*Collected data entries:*
-=-=-=-=-

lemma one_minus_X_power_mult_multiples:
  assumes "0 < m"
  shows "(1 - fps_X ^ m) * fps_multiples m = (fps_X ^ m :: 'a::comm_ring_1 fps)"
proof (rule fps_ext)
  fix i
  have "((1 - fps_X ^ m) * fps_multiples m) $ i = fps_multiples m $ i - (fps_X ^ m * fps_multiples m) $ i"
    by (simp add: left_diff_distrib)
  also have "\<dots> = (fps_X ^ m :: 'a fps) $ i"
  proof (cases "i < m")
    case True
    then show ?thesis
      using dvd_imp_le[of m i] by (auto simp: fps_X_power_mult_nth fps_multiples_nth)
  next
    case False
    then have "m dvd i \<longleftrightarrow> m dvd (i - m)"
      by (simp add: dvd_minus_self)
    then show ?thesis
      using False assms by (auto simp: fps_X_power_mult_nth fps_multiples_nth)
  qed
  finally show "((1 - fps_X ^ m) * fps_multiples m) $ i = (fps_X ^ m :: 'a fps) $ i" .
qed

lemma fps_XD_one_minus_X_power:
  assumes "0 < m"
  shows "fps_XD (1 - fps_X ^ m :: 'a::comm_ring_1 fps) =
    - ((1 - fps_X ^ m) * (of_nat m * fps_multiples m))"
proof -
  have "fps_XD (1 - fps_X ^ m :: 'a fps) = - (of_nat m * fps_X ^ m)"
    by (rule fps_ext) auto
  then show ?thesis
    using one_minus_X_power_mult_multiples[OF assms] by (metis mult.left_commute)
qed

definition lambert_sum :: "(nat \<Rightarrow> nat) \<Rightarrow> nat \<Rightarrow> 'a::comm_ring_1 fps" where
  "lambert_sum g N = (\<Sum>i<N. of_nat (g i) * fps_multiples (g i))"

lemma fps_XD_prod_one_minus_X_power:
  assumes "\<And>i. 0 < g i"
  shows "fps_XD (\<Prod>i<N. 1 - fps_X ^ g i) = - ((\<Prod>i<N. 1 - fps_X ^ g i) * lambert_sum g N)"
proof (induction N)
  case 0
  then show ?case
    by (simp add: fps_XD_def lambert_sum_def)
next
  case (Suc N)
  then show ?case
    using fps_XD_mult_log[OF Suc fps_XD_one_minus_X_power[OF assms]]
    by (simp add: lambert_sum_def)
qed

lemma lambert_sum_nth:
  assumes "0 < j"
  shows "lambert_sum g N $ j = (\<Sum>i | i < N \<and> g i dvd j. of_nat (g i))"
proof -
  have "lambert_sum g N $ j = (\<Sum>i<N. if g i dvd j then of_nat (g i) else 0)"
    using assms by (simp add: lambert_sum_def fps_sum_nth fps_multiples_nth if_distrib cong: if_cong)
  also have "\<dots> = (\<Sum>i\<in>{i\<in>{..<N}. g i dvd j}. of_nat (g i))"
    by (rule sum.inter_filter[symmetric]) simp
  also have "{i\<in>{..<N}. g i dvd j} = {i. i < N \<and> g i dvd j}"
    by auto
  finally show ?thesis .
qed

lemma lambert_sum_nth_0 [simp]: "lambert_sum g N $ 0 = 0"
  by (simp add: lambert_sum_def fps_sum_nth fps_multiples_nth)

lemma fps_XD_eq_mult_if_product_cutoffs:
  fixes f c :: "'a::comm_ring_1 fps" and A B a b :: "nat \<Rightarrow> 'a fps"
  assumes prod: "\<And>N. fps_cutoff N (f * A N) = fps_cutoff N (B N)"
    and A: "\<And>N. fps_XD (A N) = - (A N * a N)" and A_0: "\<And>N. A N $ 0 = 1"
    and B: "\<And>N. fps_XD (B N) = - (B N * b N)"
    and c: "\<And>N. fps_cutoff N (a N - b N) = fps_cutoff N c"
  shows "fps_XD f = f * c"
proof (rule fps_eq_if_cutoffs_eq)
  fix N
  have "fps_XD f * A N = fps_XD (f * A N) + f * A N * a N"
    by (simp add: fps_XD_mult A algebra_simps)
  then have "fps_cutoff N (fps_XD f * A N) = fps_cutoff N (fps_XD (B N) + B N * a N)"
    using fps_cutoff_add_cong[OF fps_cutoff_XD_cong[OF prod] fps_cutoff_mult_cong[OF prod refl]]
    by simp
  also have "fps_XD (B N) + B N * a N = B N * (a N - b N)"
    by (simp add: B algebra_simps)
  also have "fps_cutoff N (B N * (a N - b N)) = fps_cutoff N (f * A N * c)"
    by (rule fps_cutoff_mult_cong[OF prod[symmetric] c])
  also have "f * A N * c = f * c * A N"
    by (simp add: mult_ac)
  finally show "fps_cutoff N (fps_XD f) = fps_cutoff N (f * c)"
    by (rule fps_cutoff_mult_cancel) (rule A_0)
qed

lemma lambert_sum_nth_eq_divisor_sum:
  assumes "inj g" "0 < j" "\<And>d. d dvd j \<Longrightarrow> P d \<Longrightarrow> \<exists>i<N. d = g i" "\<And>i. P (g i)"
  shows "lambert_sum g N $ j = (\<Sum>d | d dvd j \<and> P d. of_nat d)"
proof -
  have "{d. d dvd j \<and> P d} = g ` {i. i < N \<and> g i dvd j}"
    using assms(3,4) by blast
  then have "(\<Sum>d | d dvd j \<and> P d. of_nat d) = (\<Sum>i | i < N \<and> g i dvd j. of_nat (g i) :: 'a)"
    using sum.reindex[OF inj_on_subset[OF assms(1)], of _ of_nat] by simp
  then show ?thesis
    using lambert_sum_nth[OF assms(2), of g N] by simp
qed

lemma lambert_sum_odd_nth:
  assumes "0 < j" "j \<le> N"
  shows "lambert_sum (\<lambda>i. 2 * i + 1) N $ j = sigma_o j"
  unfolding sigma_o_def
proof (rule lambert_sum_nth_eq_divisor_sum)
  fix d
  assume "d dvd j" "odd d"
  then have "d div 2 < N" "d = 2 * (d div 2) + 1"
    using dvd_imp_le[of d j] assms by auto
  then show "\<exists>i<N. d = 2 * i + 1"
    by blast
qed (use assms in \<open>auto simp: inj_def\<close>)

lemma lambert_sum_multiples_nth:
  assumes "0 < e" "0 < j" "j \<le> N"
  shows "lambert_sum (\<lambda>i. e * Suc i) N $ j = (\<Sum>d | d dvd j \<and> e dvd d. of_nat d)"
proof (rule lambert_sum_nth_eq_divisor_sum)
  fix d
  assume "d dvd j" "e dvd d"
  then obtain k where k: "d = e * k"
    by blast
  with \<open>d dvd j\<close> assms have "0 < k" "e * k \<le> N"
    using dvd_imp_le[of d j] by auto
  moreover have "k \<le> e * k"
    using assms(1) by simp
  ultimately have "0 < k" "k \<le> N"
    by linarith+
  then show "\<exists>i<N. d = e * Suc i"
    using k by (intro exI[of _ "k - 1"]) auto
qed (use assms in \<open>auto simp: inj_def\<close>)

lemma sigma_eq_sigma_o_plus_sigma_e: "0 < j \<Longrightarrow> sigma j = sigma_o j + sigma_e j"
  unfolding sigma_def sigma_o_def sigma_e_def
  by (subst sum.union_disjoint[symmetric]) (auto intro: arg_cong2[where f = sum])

-=-=-=-=-

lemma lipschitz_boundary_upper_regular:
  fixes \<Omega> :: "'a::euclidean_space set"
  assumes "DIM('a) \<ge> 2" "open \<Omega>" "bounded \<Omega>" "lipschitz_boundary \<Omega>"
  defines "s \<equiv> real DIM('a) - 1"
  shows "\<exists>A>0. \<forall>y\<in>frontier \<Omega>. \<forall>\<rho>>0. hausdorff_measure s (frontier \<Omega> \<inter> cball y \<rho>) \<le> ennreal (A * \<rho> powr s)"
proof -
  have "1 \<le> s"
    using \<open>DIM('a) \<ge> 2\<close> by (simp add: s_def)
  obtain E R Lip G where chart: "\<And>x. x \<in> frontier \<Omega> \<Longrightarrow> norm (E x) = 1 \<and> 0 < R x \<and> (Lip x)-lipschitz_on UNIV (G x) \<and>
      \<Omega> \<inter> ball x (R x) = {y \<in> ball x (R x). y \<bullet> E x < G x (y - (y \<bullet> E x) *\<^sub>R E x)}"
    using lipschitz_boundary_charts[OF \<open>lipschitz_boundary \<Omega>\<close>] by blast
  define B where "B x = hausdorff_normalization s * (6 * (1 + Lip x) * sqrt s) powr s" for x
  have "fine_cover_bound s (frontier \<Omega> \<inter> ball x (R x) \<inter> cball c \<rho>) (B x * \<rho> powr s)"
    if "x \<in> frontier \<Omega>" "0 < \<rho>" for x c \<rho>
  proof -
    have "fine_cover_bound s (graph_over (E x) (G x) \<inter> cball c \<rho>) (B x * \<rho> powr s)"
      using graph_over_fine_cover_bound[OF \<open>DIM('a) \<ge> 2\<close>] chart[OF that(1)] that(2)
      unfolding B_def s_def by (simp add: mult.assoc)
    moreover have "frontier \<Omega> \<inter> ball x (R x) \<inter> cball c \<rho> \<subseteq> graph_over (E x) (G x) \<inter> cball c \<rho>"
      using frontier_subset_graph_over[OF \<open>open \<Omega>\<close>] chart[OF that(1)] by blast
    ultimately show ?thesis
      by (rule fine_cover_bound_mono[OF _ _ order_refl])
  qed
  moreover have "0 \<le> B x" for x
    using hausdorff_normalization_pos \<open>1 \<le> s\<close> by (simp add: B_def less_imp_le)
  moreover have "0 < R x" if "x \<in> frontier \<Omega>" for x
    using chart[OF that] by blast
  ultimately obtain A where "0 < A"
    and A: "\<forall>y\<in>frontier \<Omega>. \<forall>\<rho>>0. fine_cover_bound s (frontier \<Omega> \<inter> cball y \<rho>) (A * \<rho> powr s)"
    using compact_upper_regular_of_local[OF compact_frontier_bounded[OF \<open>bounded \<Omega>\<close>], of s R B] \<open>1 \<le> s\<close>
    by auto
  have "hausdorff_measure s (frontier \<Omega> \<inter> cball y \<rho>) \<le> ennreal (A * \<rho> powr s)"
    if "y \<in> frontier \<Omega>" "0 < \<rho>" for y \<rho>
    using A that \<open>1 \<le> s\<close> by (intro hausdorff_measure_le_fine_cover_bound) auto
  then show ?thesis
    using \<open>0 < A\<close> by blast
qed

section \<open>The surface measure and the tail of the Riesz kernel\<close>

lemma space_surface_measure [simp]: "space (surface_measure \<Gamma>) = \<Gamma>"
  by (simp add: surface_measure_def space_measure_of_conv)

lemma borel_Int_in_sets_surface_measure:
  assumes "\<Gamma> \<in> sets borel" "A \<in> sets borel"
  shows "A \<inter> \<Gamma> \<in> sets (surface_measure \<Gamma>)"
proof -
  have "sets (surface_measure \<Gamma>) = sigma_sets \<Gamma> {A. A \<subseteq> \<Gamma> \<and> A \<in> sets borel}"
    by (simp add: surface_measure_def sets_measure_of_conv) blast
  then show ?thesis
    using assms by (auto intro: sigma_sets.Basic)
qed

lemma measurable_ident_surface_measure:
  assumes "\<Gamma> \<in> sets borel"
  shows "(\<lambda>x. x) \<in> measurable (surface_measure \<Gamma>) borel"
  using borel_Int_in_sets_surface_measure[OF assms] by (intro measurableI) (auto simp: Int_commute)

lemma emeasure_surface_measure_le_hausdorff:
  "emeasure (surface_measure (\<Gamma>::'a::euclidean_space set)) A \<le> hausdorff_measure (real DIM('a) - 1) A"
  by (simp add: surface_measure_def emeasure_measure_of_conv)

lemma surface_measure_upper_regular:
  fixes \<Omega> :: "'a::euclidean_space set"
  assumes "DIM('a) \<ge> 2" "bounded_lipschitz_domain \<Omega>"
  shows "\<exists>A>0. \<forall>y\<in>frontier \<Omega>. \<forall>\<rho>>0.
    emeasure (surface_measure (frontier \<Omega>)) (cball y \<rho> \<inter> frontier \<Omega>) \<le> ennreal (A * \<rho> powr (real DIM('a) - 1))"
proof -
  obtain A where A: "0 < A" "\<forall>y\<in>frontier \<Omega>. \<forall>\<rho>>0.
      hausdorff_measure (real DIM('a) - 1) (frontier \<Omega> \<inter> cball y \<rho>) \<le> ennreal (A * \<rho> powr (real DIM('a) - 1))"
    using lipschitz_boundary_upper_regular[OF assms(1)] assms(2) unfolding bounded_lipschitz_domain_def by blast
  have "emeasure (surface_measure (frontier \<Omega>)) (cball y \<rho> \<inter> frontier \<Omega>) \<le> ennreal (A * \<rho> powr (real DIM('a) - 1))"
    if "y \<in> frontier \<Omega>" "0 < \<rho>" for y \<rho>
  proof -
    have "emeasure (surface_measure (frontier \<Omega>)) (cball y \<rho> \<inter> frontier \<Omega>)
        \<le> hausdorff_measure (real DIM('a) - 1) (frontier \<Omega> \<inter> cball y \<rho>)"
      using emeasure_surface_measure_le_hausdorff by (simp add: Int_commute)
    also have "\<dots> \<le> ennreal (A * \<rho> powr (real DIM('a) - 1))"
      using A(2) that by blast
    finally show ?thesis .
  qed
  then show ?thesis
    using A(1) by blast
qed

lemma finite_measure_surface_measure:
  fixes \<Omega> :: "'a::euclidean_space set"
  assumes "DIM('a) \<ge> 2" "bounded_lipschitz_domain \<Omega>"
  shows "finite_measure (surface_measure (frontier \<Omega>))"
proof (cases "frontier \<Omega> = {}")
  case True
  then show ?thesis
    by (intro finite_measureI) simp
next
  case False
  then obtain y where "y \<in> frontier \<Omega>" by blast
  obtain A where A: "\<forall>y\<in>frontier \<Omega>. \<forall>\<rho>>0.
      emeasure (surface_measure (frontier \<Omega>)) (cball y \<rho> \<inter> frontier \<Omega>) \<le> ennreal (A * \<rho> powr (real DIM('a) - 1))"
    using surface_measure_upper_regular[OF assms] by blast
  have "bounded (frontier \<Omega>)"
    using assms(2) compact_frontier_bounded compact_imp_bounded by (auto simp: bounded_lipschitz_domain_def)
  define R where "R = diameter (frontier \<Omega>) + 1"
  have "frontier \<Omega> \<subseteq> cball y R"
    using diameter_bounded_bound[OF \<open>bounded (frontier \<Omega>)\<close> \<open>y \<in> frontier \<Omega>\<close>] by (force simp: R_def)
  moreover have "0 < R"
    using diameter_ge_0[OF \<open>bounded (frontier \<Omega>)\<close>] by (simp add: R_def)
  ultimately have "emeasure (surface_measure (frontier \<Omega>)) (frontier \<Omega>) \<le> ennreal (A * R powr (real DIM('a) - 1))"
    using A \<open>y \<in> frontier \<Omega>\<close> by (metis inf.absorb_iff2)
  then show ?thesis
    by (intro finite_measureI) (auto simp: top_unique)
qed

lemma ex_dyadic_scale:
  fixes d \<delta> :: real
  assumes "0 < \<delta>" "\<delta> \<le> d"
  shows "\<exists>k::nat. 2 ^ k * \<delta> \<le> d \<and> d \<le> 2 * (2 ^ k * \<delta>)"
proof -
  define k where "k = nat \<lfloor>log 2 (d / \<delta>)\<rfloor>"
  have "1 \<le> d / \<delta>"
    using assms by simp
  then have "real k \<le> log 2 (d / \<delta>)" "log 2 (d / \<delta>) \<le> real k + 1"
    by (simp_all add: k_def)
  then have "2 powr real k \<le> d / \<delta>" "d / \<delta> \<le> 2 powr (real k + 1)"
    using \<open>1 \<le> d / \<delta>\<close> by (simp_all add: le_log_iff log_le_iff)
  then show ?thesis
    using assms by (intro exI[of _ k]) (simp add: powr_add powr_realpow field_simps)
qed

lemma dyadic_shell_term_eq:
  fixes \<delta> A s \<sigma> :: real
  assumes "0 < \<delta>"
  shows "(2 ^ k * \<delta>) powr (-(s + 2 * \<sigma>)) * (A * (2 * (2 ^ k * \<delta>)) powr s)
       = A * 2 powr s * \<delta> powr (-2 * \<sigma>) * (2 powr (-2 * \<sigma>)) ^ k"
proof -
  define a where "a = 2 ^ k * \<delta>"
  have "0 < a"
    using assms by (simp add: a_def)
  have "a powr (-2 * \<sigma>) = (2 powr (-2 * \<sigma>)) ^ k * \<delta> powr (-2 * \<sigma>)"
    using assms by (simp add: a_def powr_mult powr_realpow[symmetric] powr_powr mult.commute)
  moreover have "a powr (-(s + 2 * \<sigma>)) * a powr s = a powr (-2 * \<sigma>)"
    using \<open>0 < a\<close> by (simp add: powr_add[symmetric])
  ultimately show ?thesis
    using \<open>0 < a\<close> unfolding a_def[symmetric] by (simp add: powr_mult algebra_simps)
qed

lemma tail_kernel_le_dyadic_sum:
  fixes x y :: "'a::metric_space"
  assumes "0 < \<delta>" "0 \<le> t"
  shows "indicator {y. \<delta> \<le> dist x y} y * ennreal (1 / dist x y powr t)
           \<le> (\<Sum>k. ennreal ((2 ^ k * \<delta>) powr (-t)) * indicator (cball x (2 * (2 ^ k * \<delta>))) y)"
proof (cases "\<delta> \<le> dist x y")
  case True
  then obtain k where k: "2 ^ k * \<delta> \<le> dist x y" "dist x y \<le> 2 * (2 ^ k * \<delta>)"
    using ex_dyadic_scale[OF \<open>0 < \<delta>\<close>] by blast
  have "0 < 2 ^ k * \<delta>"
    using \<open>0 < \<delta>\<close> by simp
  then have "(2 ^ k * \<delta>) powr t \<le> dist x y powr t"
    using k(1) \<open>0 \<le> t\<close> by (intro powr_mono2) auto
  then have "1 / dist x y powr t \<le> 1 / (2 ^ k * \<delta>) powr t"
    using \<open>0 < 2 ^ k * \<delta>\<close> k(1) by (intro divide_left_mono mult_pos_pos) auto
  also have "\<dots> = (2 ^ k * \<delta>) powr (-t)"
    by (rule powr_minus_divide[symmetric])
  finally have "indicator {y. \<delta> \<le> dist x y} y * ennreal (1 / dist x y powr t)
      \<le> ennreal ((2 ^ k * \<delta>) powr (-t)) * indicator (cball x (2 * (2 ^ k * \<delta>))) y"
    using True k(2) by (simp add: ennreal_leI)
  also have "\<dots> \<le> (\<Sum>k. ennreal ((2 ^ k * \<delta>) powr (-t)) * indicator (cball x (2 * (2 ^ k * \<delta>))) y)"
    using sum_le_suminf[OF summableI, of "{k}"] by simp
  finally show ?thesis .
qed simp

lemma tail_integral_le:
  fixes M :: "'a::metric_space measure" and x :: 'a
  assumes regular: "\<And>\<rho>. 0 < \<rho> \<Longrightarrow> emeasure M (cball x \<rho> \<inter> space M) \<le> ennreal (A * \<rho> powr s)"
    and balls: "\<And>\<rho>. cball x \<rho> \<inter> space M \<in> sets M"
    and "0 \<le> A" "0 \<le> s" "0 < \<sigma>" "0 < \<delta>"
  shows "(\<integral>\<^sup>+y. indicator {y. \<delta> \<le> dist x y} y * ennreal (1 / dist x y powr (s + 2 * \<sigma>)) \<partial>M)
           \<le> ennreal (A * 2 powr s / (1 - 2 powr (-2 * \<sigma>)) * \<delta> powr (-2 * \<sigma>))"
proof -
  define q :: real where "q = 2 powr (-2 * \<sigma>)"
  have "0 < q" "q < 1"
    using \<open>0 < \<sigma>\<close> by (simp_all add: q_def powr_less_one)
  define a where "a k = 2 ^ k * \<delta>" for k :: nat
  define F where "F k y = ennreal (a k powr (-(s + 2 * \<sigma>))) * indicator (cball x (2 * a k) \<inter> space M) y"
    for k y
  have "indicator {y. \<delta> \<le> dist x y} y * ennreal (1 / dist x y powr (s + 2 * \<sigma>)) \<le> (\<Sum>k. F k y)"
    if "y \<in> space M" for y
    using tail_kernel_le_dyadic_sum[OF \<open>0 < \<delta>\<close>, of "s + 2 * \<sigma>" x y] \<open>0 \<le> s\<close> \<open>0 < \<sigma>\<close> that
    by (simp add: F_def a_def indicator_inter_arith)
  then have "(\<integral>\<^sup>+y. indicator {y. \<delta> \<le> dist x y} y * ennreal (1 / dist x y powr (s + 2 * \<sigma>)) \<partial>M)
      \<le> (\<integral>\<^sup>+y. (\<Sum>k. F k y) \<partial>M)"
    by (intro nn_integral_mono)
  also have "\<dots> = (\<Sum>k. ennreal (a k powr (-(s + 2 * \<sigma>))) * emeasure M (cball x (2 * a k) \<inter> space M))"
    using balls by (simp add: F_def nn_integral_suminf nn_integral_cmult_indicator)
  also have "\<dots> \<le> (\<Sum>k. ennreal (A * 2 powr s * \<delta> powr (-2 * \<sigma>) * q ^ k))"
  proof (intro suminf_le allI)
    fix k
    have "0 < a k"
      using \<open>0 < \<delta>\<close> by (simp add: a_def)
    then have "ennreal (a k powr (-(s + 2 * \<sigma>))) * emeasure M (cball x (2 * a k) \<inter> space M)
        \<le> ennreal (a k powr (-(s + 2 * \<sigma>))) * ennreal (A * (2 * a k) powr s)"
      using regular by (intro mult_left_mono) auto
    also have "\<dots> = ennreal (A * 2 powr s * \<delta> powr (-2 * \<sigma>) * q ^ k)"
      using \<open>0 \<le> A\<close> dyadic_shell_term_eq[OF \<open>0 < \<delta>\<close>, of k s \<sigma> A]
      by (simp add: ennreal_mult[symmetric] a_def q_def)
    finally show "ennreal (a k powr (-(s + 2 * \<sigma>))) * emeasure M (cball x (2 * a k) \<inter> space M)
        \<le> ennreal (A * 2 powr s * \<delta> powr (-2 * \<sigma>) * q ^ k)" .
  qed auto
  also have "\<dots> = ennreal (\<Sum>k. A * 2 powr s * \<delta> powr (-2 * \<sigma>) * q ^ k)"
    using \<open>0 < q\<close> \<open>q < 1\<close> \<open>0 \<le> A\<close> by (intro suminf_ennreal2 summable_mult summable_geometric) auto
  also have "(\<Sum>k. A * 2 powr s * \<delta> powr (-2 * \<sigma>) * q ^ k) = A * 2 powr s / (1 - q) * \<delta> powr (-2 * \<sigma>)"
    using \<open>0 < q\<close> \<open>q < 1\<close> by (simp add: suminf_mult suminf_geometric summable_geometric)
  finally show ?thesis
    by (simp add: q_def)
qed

-=-=-=-=-

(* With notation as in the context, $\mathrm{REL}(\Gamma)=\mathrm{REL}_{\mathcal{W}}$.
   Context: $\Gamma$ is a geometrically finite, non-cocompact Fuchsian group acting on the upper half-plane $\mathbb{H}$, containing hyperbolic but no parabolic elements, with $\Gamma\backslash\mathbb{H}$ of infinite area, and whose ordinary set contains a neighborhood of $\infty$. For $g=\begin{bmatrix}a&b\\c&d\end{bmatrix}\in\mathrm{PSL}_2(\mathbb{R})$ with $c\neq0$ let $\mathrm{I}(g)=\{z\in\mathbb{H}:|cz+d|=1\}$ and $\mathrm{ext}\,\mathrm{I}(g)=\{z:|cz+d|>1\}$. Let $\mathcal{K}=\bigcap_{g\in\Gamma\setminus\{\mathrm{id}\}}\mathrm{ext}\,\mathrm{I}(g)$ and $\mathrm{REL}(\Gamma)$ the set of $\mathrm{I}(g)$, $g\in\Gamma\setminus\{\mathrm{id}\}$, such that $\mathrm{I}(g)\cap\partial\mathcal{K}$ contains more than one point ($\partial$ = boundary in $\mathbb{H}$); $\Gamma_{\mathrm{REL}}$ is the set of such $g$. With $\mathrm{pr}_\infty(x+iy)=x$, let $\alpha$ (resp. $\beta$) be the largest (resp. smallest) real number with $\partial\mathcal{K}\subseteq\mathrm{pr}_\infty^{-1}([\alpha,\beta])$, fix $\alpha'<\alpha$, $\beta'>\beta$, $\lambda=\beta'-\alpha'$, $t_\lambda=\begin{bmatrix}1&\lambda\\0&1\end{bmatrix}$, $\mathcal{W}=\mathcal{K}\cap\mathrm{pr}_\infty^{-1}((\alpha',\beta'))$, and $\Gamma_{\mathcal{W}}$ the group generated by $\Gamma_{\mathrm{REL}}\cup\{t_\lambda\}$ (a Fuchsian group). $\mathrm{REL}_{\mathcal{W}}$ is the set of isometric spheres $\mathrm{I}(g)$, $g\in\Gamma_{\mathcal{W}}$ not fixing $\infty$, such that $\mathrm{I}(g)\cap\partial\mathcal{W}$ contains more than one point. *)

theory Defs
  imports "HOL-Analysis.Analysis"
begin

-=-=-=-=-

*Work task:*
Would you copy all lines in the records where the string "exists" appears?

*Result of this task:*
  assumes "inj g" "0 < j" "\<And>d. d dvd j \<Longrightarrow> P d \<Longrightarrow> \<exists>i<N. d = g i" "\<And>i. P (g i)"
  then show "\<exists>i<N. d = 2 * i + 1"
  then show "\<exists>i<N. d = e * Suc i"
  shows "\<exists>A>0. \<forall>y\<in>frontier \<Omega>. \<forall>\<rho>>0. hausdorff_measure s (frontier \<Omega> \<inter> cball y \<rho>) \<le> ennreal (A * \<rho> powr s)"
  shows "\<exists>A>0. \<forall>y\<in>frontier \<Omega>. \<forall>\<rho>>0.
  shows "\<exists>k::nat. 2 ^ k * \<delta> \<le> d \<and> d \<le> 2 * (2 ^ k * \<delta>)"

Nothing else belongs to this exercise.